Dataset entries:
lemma TDL_moment_identities:
  fixes a c d x :: real and h :: "nat \<Rightarrow> real"
  assumes "0 < d" "0 < x" "0 < c" "c < 1" "a \<le> 1"
    and h: "h 0 = 1" "h 1 = - x * (c / (1 - c))" "h 2 = x * (a - 1) * (c / (1 - c)) ^ 2"
      "h 3 = - x * (a - 1) * (a - 2) * (c / (1 - c)) ^ 3"
      "h 4 = x * (a - 1) * (a - 2) * (a - 3) * (c / (1 - c)) ^ 4"
  defines "g \<equiv> powr_higher_deriv (- 1 / d) h"
  defines "\<mu> \<equiv> g 1" and "E2 \<equiv> g 2 + g 1" and "E3 \<equiv> g 3 + 3 * g 2 + g 1"
    and "E4 \<equiv> g 4 + 6 * g 3 + 7 * g 2 + g 1"
  defines "\<sigma>2 \<equiv> E2 - \<mu> ^ 2"
  shows "0 < \<mu>" and "0 < \<sigma>2"
    and "E3 - 3 * \<mu> * E2 + 2 * \<mu> ^ 3 = \<sigma>2 ^ 2 / \<mu> + d * \<mu> * \<sigma>2 + c * (1 - a) * \<mu> / (1 - c) ^ 2"
    and "E4 - 4 * \<mu> * E3 + 6 * \<mu> ^ 2 * E2 - 3 * \<mu> ^ 4
      = 3 * (2 * d + 1) * \<sigma>2 ^ 2 + (4 * c * (1 - a) + (1 - a * c) ^ 2) * \<sigma>2 / (1 - c) ^ 2
        + c ^ 2 * (1 - a ^ 2) * \<mu> / (1 - c) ^ 3"
proof -
  define y where "y = c / (1 - c)"
  have "0 < y" and c: "1 - c \<noteq> 0"
    using assms(3,4) by (simp_all add: y_def)
  note odds = TDL_moment_identities_in_odds[OF assms(1,2) \<open>0 < y\<close> assms(5) h[folded y_def],
      folded g_def, folded \<mu>_def E2_def E3_def E4_def, folded \<sigma>2_def]
  have one_plus_y: "1 + y = 1 / (1 - c)"
    using c by (simp add: y_def field_simps)
  have coeff_m3: "y * (1 + y) * (1 - a) = c * (1 - a) / (1 - c) ^ 2"
    unfolding one_plus_y by (simp add: y_def power2_eq_square)
  have coeff_m4_\<sigma>: "4 * y * (1 + y) * (1 - a) + (1 + y - a * y) ^ 2
      = (4 * c * (1 - a) + (1 - a * c) ^ 2) / (1 - c) ^ 2"
  proof -
    have "1 + y - a * y = (1 - a * c) / (1 - c)"
      using c by (simp add: y_def field_simps)
    moreover have "4 * y * (1 + y) * (1 - a) = 4 * c * (1 - a) / (1 - c) ^ 2"
      unfolding one_plus_y by (simp add: y_def power2_eq_square)
    ultimately show ?thesis
      by (simp add: add_divide_distrib power_divide)
  qed
  have coeff_m4_\<mu>: "y ^ 2 * (1 + y) * (1 - a ^ 2) = c ^ 2 * (1 - a ^ 2) / (1 - c) ^ 3"
    unfolding one_plus_y by (simp add: y_def power2_eq_square power3_eq_cube power_divide)
  show "0 < \<mu>" "0 < \<sigma>2"
    using odds(1,2) .
  show "E3 - 3 * \<mu> * E2 + 2 * \<mu> ^ 3 = \<sigma>2 ^ 2 / \<mu> + d * \<mu> * \<sigma>2 + c * (1 - a) * \<mu> / (1 - c) ^ 2"
    using odds(3) unfolding coeff_m3 by simp
  show "E4 - 4 * \<mu> * E3 + 6 * \<mu> ^ 2 * E2 - 3 * \<mu> ^ 4
      = 3 * (2 * d + 1) * \<sigma>2 ^ 2 + (4 * c * (1 - a) + (1 - a * c) ^ 2) * \<sigma>2 / (1 - c) ^ 2
        + c ^ 2 * (1 - a ^ 2) * \<mu> / (1 - c) ^ 3"
    using odds(4) unfolding coeff_m4_\<sigma> coeff_m4_\<mu> by simp
qed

EXERCISE BRIEF: Your answer must be an exact copy of all the entries.

EXERCISE OUTPUT:
lemma TDL_moment_identities:
  fixes a c d x :: real and h :: "nat \<Rightarrow> real"
  assumes "0 < d" "0 < x" "0 < c" "c < 1" "a \<le> 1"
    and h: "h 0 = 1" "h 1 = - x * (c / (1 - c))" "h 2 = x * (a - 1) * (c / (1 - c)) ^ 2"
      "h 3 = - x * (a - 1) * (a - 2) * (c / (1 - c)) ^ 3"
      "h 4 = x * (a - 1) * (a - 2) * (a - 3) * (c / (1 - c)) ^ 4"
  defines "g \<equiv> powr_higher_deriv (- 1 / d) h"
  defines "\<mu> \<equiv> g 1" and "E2 \<equiv> g 2 + g 1" and "E3 \<equiv> g 3 + 3 * g 2 + g 1"
    and "E4 \<equiv> g 4 + 6 * g 3 + 7 * g 2 + g 1"
  defines "\<sigma>2 \<equiv> E2 - \<mu> ^ 2"
  shows "0 < \<mu>" and "0 < \<sigma>2"
    and "E3 - 3 * \<mu> * E2 + 2 * \<mu> ^ 3 = \<sigma>2 ^ 2 / \<mu> + d * \<mu> * \<sigma>2 + c * (1 - a) * \<mu> / (1 - c) ^ 2"
    and "E4 - 4 * \<mu> * E3 + 6 * \<mu> ^ 2 * E2 - 3 * \<mu> ^ 4
      = 3 * (2 * d + 1) * \<sigma>2 ^ 2 + (4 * c * (1 - a) + (1 - a * c) ^ 2) * \<sigma>2 / (1 - c) ^ 2
        + c ^ 2 * (1 - a ^ 2) * \<mu> / (1 - c) ^ 3"
proof -
  define y where "y = c / (1 - c)"
  have "0 < y" and c: "1 - c \<noteq> 0"
    using assms(3,4) by (simp_all add: y_def)
  note odds = TDL_moment_identities_in_odds[OF assms(1,2) \<open>0 < y\<close> assms(5) h[folded y_def],
      folded g_def, folded \<mu>_def E2_def E3_def E4_def, folded \<sigma>2_def]
  have one_plus_y: "1 + y = 1 / (1 - c)"
    using c by (simp add: y_def field_simps)
  have coeff_m3: "y * (1 + y) * (1 - a) = c * (1 - a) / (1 - c) ^ 2"
    unfolding one_plus_y by (simp add: y_def power2_eq_square)
  have coeff_m4_\<sigma>: "4 * y * (1 + y) * (1 - a) + (1 + y - a * y) ^ 2
      = (4 * c * (1 - a) + (1 - a * c) ^ 2) / (1 - c) ^ 2"
  proof -
    have "1 + y - a * y = (1 - a * c) / (1 - c)"
      using c by (simp add: y_def field_simps)
    moreover have "4 * y * (1 + y) * (1 - a) = 4 * c * (1 - a) / (1 - c) ^ 2"
      unfolding one_plus_y by (simp add: y_def power2_eq_square)
    ultimately show ?thesis
      by (simp add: add_divide_distrib power_divide)
  qed
  have coeff_m4_\<mu>: "y ^ 2 * (1 + y) * (1 - a ^ 2) = c ^ 2 * (1 - a ^ 2) / (1 - c) ^ 3"
    unfolding one_plus_y by (simp add: y_def power2_eq_square power3_eq_cube power_divide)
  show "0 < \<mu>" "0 < \<sigma>2"
    using odds(1,2) .
  show "E3 - 3 * \<mu> * E2 + 2 * \<mu> ^ 3 = \<sigma>2 ^ 2 / \<mu> + d * \<mu> * \<sigma>2 + c * (1 - a) * \<mu> / (1 - c) ^ 2"
    using odds(3) unfolding coeff_m3 by simp
  show "E4 - 4 * \<mu> * E3 + 6 * \<mu> ^ 2 * E2 - 3 * \<mu> ^ 4
      = 3 * (2 * d + 1) * \<sigma>2 ^ 2 + (4 * c * (1 - a) + (1 - a * c) ^ 2) * \<sigma>2 / (1 - c) ^ 2
        + c ^ 2 * (1 - a ^ 2) * \<mu> / (1 - c) ^ 3"
    using odds(4) unfolding coeff_m4_\<sigma> coeff_m4_\<mu> by simp
qed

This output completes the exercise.